Secondly, AI can minimise the quality of accessible information. For instance, misinformation can spread differently across different publics for various reasons. AI disrupts social interactions and social norms as AI elevates engagement, and engagement becomes a central currency in political discourse as a result. This unintentionally but foreseeably shapes how the political opinions of political allies and political adversaries are publicly perceived. For example, algorithms on social-media platforms typically popularise engaging opinions rather than representative opinions. As a result, representative opinions might appear less popular than they are, even if they are sincere and competent opinions. Similarly, when AI popularises engaging but unrepresentative opinions, unrepresentative opinions might appear more popular than they are, even if they are insincere or incompetent opinions. As a result, engaging but unrepresentative, insincere and incompetent opinions may be publicly perceived as more acceptable and representative than they are, while sincere and competent but less engaging opinions become marginalised.

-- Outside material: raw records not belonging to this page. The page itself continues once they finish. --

lemma dderiv_mult:
  fixes p q :: "'a::real_normed_vector \<Rightarrow> 'b::real_normed_algebra"
  assumes "p differentiable (at y)" "q differentiable (at y)"
  shows "dderiv (\<lambda>x. p x * q x) v y = p y * dderiv q v y + dderiv p v y * q y"
  by (rule dderiv_eq_if_has_derivative
      [OF has_derivative_mult[OF has_derivative_dderiv[OF assms(1)] has_derivative_dderiv[OF assms(2)]]])

lemma dderiv_of_real:
  fixes k :: "'a::real_normed_vector \<Rightarrow> real"
  assumes "k differentiable (at y)"
  shows "dderiv (\<lambda>x. complex_of_real (k x)) v y = of_real (dderiv k v y)"
  by (rule dderiv_eq_if_has_derivative[OF has_derivative_of_real[OF has_derivative_dderiv[OF assms]]])

lemma dderiv_linear:
  assumes "bounded_linear L"
  shows "dderiv L v = (\<lambda>x. L v)"
  using dderiv_eq_if_has_derivative[OF bounded_linear_imp_has_derivative[OF assms]] by auto

lemma dderiv_linear_comp:
  assumes "bounded_linear L" "k differentiable (at (L x))"
  shows "dderiv (\<lambda>y. k (L y)) v x = dderiv k (L v) (L x)"
  by (rule dderiv_eq_if_has_derivative)
    (rule has_derivative_compose[OF bounded_linear_imp_has_derivative[OF assms(1)]
        has_derivative_dderiv[OF assms(2)], unfolded o_def])

lemma dderiv_scaleR_direction:
  assumes "k differentiable (at y)"
  shows "dderiv k (r *\<^sub>R v) y = r *\<^sub>R dderiv k v y"
  unfolding dderiv_def using linear_frechet_derivative[OF assms] by (simp add: linear_scale)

Since the public must often make time-sensitive decisions with incomplete information, science communication through news outlets, social media, public figures, opinion leaders, journalists, podcasts and other channels can aim to inform the public of how to use new technologies responsibly and alert them to the risks of misuse. Fact-checking, such as that conducted by professional journalists, is one way to manage misinformation. Though relatively expensive when implemented at scale, this can be a powerful tool, particularly since human checkers can understand and evaluate the context and purposes for which a given piece of information was provided, and whether the intended interpretation of the given “facts” is reliable. More scalable but potentially less effective are forms of automated fact-checking such as AI-powered debunking tools. Debunking algorithms utilise generalisable, machine-readable, formalised forms of research to spot misinformation and swiftly correct it — an approach which is easily applied to vast regions of the internet, yet may be countered through misinformation tools programmed specifically to evade such checks. A concern common to both human-led and machine-led approaches is that fact-checking can be significantly slower than the spread of misinformation. One reason for this is that misinformation is often presented in ways that are more emotionally engaging than the facts.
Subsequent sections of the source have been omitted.